Le rocher d’or ou le Lourdes birman. 

Un rocher recouvert de feuilles d’or et une stupa, qui semblent tenir par miracle tout en haut d’une colline, voila le lieu de pèlerinage par excellence des birmans, a quelques heures de route de la capitale. Carine nous avait recommandé la visite, plus pour le spectacle des fidèles qui s’y rendent en masse, que pour le caillou en lui meme. Comme nous avons un peu de temps avant de partir avec elle dans une autre region du pays, nous y faisons escale. Le bus deja annonce la couleur puisque la radio diffuse des prières en continu. Apres avoir âprement négocie un dollar de reduction dans la guesthouse de notre choix (ouf l’honneur est sauf :p) on monte, ou plutôt on s’entasse dans un camion, seule option pour se rendre au rocher, a moins de vouloir faire quatre heures de marche ardue. On s’accroche fermement a la barre en fer devant nous et comme la route est tout sauf plate et droite, on a l’impression d’être dans un parc d’attractions. Toutes les dix minutes, le camion s’arrête a la hauteur d’hommes munis de coupelles en argent, venant faire l’aumône avec pour seuls armes des discours monocordes et des regards dans le vide. Certains ont visiblement plus de succès que d’autres mais globalement les billets pleuvent. Nous, on ne comprend absolument rien et on sait qu’on va payer l’entree au rocher cent fois le tarif pour les locaux, alors on se contente de froncer les sourcils lors du discours puis de faire gentiment passer la coupelle a ceux qui veulent sauver leur âme. Arrivés en haut, les gens pressent le pas pour se rendre au célèbre rocher. Je suis tentée de les imiter, oubliant l’espace d’un instant qu’il n’ y a aucun coucher de soleil en jeu :p. On est finalement un peu décues: le rocher semble reposer sur une base somme toute solide et ne tient donc pas si miraculeusement en équilibre (enfin pour être plus precise, le miracle tiendrait a un cheveu de bouddha glisse a cet endroit), il est assez petit et surtout, les femmes ne sont pas autorisées a emprunter la passerelle pour s’en approcher et aller le couvrir de nouvelles feuilles d’or. Triste constat: meme le bouddhisme qui semble pour beaucoup être la plus cool des religions est donc profondément sexiste.

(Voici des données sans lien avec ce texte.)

(* Let $X\subseteq\mathbb{C}^n$ be a complex analytic set, $x\in X$, $\mathcal M\subseteq\mathcal O_{X,x}^p$ a submodule with matrix of generators $[\mathcal M]$, and $k\in\mathbb N$. Then for all $t_1,\dots,t_k\in\{1,\dots,n\}$ and all $k$-indexes $I,J,K,L$, $$(z_{t_1}-z'_{t_1})\cdots(z_{t_k}-z'_{t_k})\,\det(\mathcal M_{IJ})\,\det(\mathcal M'_{KL})\in J_{2k}(\mathcal M_D)\quad\text{at }(x,x).$$
   Context: $z_1,\dots,z_n$ are coordinates on $\mathbb C^n$. $\pi_1,\pi_2:X\times X\to X$ are the projections; for an object $A$ on $X$ we write $A$ for $A\circ\pi_1$ and $A'$ for $A\circ\pi_2$ (so $z_i'=z_i\circ\pi_2$). $\mathcal M_{IJ}$ is the $k\times k$ submatrix of $[\mathcal M]$ with rows $I$ and columns $J$ ($k$-indexes are strictly increasing tuples). For $h\in\mathcal O_X^p$, $h_D=(h\circ\pi_1,h\circ\pi_2)$; $\mathcal M_D$ is the submodule of $\mathcal O^{2p}_{X\times X}$ generated by $\{h_D:h\in\mathcal M\}$; if $\mathcal M$ is generated by $g_1,\dots,g_r$, $\mathcal M_D$ is generated by the $(g_j)_D$ together with $(0,(z_i-z_i')g_j')$, $i=1..n$, $j=1..r$. $J_{m}(N)$ is the ideal generated by the $m\times m$ minors of a matrix of generators of $N$. *)

theory Defs
  imports "HOL-Analysis.Analysis"
begin

definition holo_on :: "(complex^'n) set \<Rightarrow> (complex^'n \<Rightarrow> complex) \<Rightarrow> bool" where
  "holo_on U f \<longleftrightarrow> open U \<and>
     (\<forall>z\<in>U. \<exists>L. (f has_derivative L) (at z) \<and> (\<forall>c v. L (c *s v) = c * L v))"

definition holo2_on :: "((complex^'n) \<times> (complex^'n)) set \<Rightarrow> ((complex^'n) \<times> (complex^'n) \<Rightarrow> complex) \<Rightarrow> bool" where
  "holo2_on V f \<longleftrightarrow> open V \<and>
     (\<forall>zw\<in>V. \<exists>L. (f has_derivative L) (at zw) \<and>
        (\<forall>c v w. L (c *s v, c *s w) = c * L (v, w)))"

definition analytic_set :: "(complex^'n) set \<Rightarrow> bool" where
  "analytic_set X \<longleftrightarrow> (\<forall>a\<in>X. \<exists>U F. open U \<and> a \<in> U \<and> finite F \<and>
      (\<forall>f\<in>F. holo_on U f) \<and> X \<inter> U = {z\<in>U. \<forall>f\<in>F. f z = 0})"

definition ldet :: "nat \<Rightarrow> (nat \<Rightarrow> nat \<Rightarrow> 'a::comm_ring_1) \<Rightarrow> 'a" where
  "ldet m A = (\<Sum>\<sigma> | \<sigma> permutes {..<m}. of_int (sign \<sigma>) * (\<Prod>i<m. A i (\<sigma> i)))"

definition kindex :: "nat \<Rightarrow> nat \<Rightarrow> nat list \<Rightarrow> bool" where
  "kindex k N I \<longleftrightarrow> length I = k \<and> sorted_wrt (<) I \<and> set I \<subseteq> {..<N}"

text \<open>The matrix of generators [M]: g j i is the i-th component (i < p) of the
  j-th generator (j < r), given by a holomorphic representative near x.
  minorM g I J z = det (M_IJ) evaluated at z.\<close>

definition minorM :: "(nat \<Rightarrow> nat \<Rightarrow> complex^'n \<Rightarrow> complex) \<Rightarrow> nat list \<Rightarrow> nat list \<Rightarrow> complex^'n \<Rightarrow> complex" where
  "minorM g I J z = ldet (length I) (\<lambda>a b. g (J ! b) (I ! a) z)"

text \<open>Matrix of generators of M_D (2p rows): columns Inl j are (g_j)_D, columns
  Inr (t,j) are (0, (z_t - z'_t) g_j').\<close>

definition MD_entry :: "nat \<Rightarrow> (nat \<Rightarrow> nat \<Rightarrow> complex^'n \<Rightarrow> complex) \<Rightarrow> nat \<Rightarrow> nat + ('n \<times> nat)
    \<Rightarrow> (complex^'n) \<times> (complex^'n) \<Rightarrow> complex" where
  "MD_entry p g i c zw = (case zw of (z, w) \<Rightarrow>
     (case c of Inl j \<Rightarrow> (if i < p then g j i z else g j (i - p) w)
              | Inr (t, j) \<Rightarrow> (if i < p then 0 else (z $ t - w $ t) * g j (i - p) w)))"

definition MD_cols :: "nat \<Rightarrow> (nat + ('n \<times> nat)) set" where
  "MD_cols r = {Inl j | j. j < r} \<union> {Inr (t, j) | t j. j < r}"

definition minorD :: "nat \<Rightarrow> (nat \<Rightarrow> nat \<Rightarrow> complex^'n \<Rightarrow> complex) \<Rightarrow> nat list
    \<Rightarrow> (nat + ('n \<times> nat)) list \<Rightarrow> (complex^'n) \<times> (complex^'n) \<Rightarrow> complex" where
  "minorD p g R C zw = ldet (length R) (\<lambda>a b. MD_entry p g (R ! a) (C ! b) zw)"

definition valid_MD_minor :: "nat \<Rightarrow> nat \<Rightarrow> nat \<Rightarrow> nat list \<times> (nat + ('n \<times> nat)) list \<Rightarrow> bool" where
  "valid_MD_minor m p r s \<longleftrightarrow> length (fst s) = m \<and> length (snd s) = m \<and>
     distinct (fst s) \<and> distinct (snd s) \<and> set (fst s) \<subseteq> {..<2*p} \<and> set (snd s) \<subseteq> MD_cols r"

definition in_J_MD :: "nat \<Rightarrow> nat \<Rightarrow> nat \<Rightarrow> (nat \<Rightarrow> nat \<Rightarrow> complex^'n \<Rightarrow> complex)
    \<Rightarrow> (complex^'n) set \<Rightarrow> complex^'n \<Rightarrow> ((complex^'n) \<times> (complex^'n) \<Rightarrow> complex) \<Rightarrow> bool" where
  "in_J_MD m p r g X x f \<longleftrightarrow> (\<exists>V S a. open V \<and> (x, x) \<in> V \<and> finite S \<and>
     (\<forall>s\<in>S. valid_MD_minor m p r s \<and> holo2_on V (a s)) \<and>
     (\<forall>zw \<in> V \<inter> (X \<times> X). f zw = (\<Sum>s\<in>S. a s zw * minorD p g (fst s) (snd s) zw)))"

end

theory Submission
  imports Defs "Jordan_Normal_Form.Determinant"
begin

text \<open>The product is itself a single \<open>2k \<times> 2k\<close> minor of \<open>[\<M>\<^sub>D]\<close>: take the rows \<open>I\<close> and
  \<open>p + K\<close>, and the columns \<open>(g\<^sub>j)\<^sub>D\<close> for \<open>j \<in> J\<close> together with the columns
  \<open>(0, (z\<^sub>t - z'\<^sub>t) g'\<^sub>l)\<close> for the pairs \<open>(t\<^sub>i, L\<^sub>i)\<close>. This submatrix is block lower triangular
  with diagonal blocks \<open>\<M>\<^sub>I\<^sub>J\<close> and \<open>\<M>'\<^sub>K\<^sub>L\<close>, the \<open>i\<close>-th column of the latter scaled by
  \<open>z\<^sub>t\<^sub>i - z'\<^sub>t\<^sub>i\<close>. So the identity holds with coefficient 1 on all of \<open>\<complex>\<^sup>n \<times> \<complex>\<^sup>n\<close>, and
  neither the analyticity of \<open>X\<close> nor the holomorphy of the generators is needed.\<close>

lemma ldet_eq_det: "ldet m A = det (mat m m (\<lambda>(i, j). A i j))"
proof -
  have "det (mat m m (\<lambda>(i, j). A i j)) = (\<Sum>\<sigma> | \<sigma> permutes {0..<m}.
      of_int (sign \<sigma>) * (\<Prod>i = 0..<m. mat m m (\<lambda>(i, j). A i j) $$ (i, \<sigma> i)))"
    by (rule det_def') simp
  also have "\<dots> = ldet m A"
    unfolding ldet_def atLeast0LessThan
  proof (intro sum.cong refl arg_cong2[where f = "(*)"] prod.cong)
    fix \<sigma> i assume "\<sigma> \<in> {\<sigma>. \<sigma> permutes {..<m}}" "i \<in> {..<m}"
    then show "mat m m (\<lambda>(i, j). A i j) $$ (i, \<sigma> i) = A i (\<sigma> i)"
      using permutes_in_image by fastforce
  qed
  finally show ?thesis by simp
qed

lemma ldet_cong:
  assumes "\<And>a b. a < m \<Longrightarrow> b < m \<Longrightarrow> A a b = B a b"
  shows "ldet m A = ldet m B"
  unfolding ldet_def
proof (intro sum.cong refl arg_cong2[where f = "(*)"] prod.cong)
  fix \<sigma> i assume "\<sigma> \<in> {\<sigma>. \<sigma> permutes {..<m}}" "i \<in> {..<m}"
  then show "A i (\<sigma> i) = B i (\<sigma> i)"
    using assms permutes_in_image by fastforce
qed

lemma ldet_mult_cols: "ldet m (\<lambda>a b. c b * A a b) = prod c {..<m} * ldet m A"
  unfolding ldet_def sum_distrib_left
proof (rule sum.cong[OF refl])
  fix \<sigma> assume "\<sigma> \<in> {\<sigma>. \<sigma> permutes {..<m}}"
  then have "(\<Prod>i<m. c (\<sigma> i)) = prod c {..<m}"
    using prod.reindex_bij_betw[OF permutes_imp_bij, of \<sigma> "{..<m}" c] by simp
  then show "of_int (sign \<sigma>) * (\<Prod>i<m. c (\<sigma> i) * A i (\<sigma> i)) =
      prod c {..<m} * (of_int (sign \<sigma>) * (\<Prod>i<m. A i (\<sigma> i)))"
    by (simp add: prod.distrib)
qed

lemma ldet_block_upper_right_zero:
  fixes A :: "nat \<Rightarrow> nat \<Rightarrow> 'a::idom"
  assumes "\<And>a b. a < k \<Longrightarrow> k \<le> b \<Longrightarrow> b < k + m \<Longrightarrow> A a b = 0"
  shows "ldet (k + m) A = ldet k A * ldet m (\<lambda>a b. A (a + k) (b + k))"
proof -
  let ?A1 = "mat k k (\<lambda>(i, j). A i j)"
  let ?A3 = "mat m k (\<lambda>(i, j). A (i + k) j)"
  let ?A4 = "mat m m (\<lambda>(i, j). A (i + k) (j + k))"
  have "mat (k + m) (k + m) (\<lambda>(i, j). A i j) = four_block_mat ?A1 (0\<^sub>m k m) ?A3 ?A4"
    by (rule eq_matI) (auto simp: assms)
  then have "ldet (k + m) A = det (four_block_mat ?A1 (0\<^sub>m k m) ?A3 ?A4)"
    by (simp add: ldet_eq_det)
  also have "\<dots> = det ?A1 * det ?A4"
    by (rule det_four_block_mat_upper_right_zero) auto
  finally show ?thesis by (simp add: ldet_eq_det)
qed

lemma minorD_block_diagonal:
  assumes "length I = k" "length J = k" "length K = k" "length L = k" "length ts = k"
    and "set I \<subseteq> {..<p}" "set K \<subseteq> {..<p}"
  shows "minorD p g (I @ map (\<lambda>i. i + p) K) (map Inl J @ map Inr (zip ts L)) (z, w) =
    prod_list (map (\<lambda>t. z $ t - w $ t) ts) * minorM g I J z * minorM g K L w"
proof -
  let ?R = "I @ map (\<lambda>i. i + p) K" and ?C = "map Inl J @ map Inr (zip ts L)"
  let ?E = "\<lambda>a b. MD_entry p g (?R ! a) (?C ! b) (z, w)"
  have I_p: "I ! a < p" if "a < k" for a
    using assms(1,6) nth_mem that by blast
  have K_p: "K ! a < p" if "a < k" for a
    using assms(3,7) nth_mem that by blast
  have "minorD p g ?R ?C (z, w) = ldet (k + k) ?E"
    using assms(1,3) by (simp add: minorD_def)
  also have "\<dots> = ldet k ?E * ldet k (\<lambda>a b. ?E (a + k) (b + k))"
    by (rule ldet_block_upper_right_zero)
      (use assms I_p in \<open>auto simp: MD_entry_def nth_append\<close>)
  also have "ldet k ?E = minorM g I J z"
    unfolding minorM_def assms(1)
    by (rule ldet_cong) (use assms I_p in \<open>simp add: MD_entry_def nth_append\<close>)
  also have "ldet k (\<lambda>a b. ?E (a + k) (b + k)) =
      ldet k (\<lambda>a b. (z $ (ts ! b) - w $ (ts ! b)) * g (L ! b) (K ! a) w)"
    by (rule ldet_cong) (use assms K_p in \<open>simp add: MD_entry_def nth_append\<close>)
  also have "\<dots> = (\<Prod>b<k. z $ (ts ! b) - w $ (ts ! b)) * minorM g K L w"
    unfolding ldet_mult_cols minorM_def assms(3) ..
  also have "(\<Prod>b<k. z $ (ts ! b) - w $ (ts ! b)) = prod_list (map (\<lambda>t. z $ t - w $ t) ts)"
    using assms(5) by (simp add: prod.list_conv_set_nth atLeast0LessThan)
  finally show ?thesis by (simp add: mult_ac)
qed

lemma valid_MD_minor_block_diagonal:
  assumes "length ts = k" "kindex k p I" "kindex k r J" "kindex k p K" "kindex k r L"
  shows "valid_MD_minor (2 * k) p r (I @ map (\<lambda>i. i + p) K, map Inl J @ map Inr (zip ts L))"
proof -
  from assms(2-5) have "distinct I" "distinct J" "distinct K" "distinct L"
    by (auto simp: kindex_def strict_sorted_iff)
  then show ?thesis
    using assms by (auto simp: valid_MD_minor_def kindex_def MD_cols_def distinct_map
        inj_on_def distinct_zipI2 dest!: set_zip_rightD)
qed

lemma in_J_MD_minorD:
  assumes "valid_MD_minor m p r (R, C)"
  shows "in_J_MD m p r g X x (minorD p g R C)"
proof -
  have "holo2_on UNIV (\<lambda>_. 1)"
    unfolding holo2_on_def by (auto intro!: exI[of _ "\<lambda>_. 0"])
  then show ?thesis
    unfolding in_J_MD_def using assms
    by (intro exI[of _ UNIV] exI[of _ "{(R, C)}"] exI[of _ "\<lambda>_ _. 1"]) auto
qed

theorem mainTheorem10:
  fixes X :: "(complex^'n) set" and x :: "complex^'n" and U :: "(complex^'n) set"
    and p r k :: nat and g :: "nat \<Rightarrow> nat \<Rightarrow> complex^'n \<Rightarrow> complex"
    and ts :: "'n list" and I J K L :: "nat list"
  assumes "analytic_set X" and "x \<in> X"
    and "x \<in> U" and "\<forall>j<r. \<forall>i<p. holo_on U (g j i)"
    and "length ts = k"
    and "kindex k p I" and "kindex k r J" and "kindex k p K" and "kindex k r L"
  shows "in_J_MD (2*k) p r g X x
           (\<lambda>(z, w). prod_list (map (\<lambda>t. z $ t - w $ t) ts) * minorM g I J z * minorM g K L w)"
proof -
  let ?R = "I @ map (\<lambda>i. i + p) K" and ?C = "map Inl J @ map Inr (zip ts L)"
  have "(\<lambda>(z, w). prod_list (map (\<lambda>t. z $ t - w $ t) ts) * minorM g I J z * minorM g K L w) =
      minorD p g ?R ?C"
    using assms(5-9) by (auto simp: kindex_def minorD_block_diagonal)
  moreover have "in_J_MD (2 * k) p r g X x (minorD p g ?R ?C)"
    using valid_MD_minor_block_diagonal[OF assms(5-9)] by (rule in_J_MD_minorD)
  ultimately show ?thesis by simp
qed

end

Heureusement, la vue est superbe et nous réconcilie avec l’endroit, de meme que le spectacle des pèlerins ayant pour la plupart parcouru une longue distance pour arriver la et qui, en famille, font la sieste sur des nattes, prient ou viennent toucher/prendre en photo le peu d’occidentaux égarés ici. La redescente a pied est elle aussi un regal. Tout le monde nous salue en souriant sur notre passage. Meme les touts petits enfants secouent la main et on comprend que le “ aaaaagggggaaaaaaaa” qu’ils prononcent (bonjour en birman, c’est ‘mingalaba’) nous est destiné. Puis on nous demande systématiquement d’ou l’ont vient et on récolte au mieux un “bounchour”, au pire un “ummm” très sérieux assorti d’un regard perplexe, mais toujours le meme sourire accroche aux lèvres. Bien qu’il y ait des stands sur toute la route, les gens n’insistent pas pour nous vendre quoi que ce soit. Ils sont juste curieux et bienveillants. Et je les ai deja adoptes.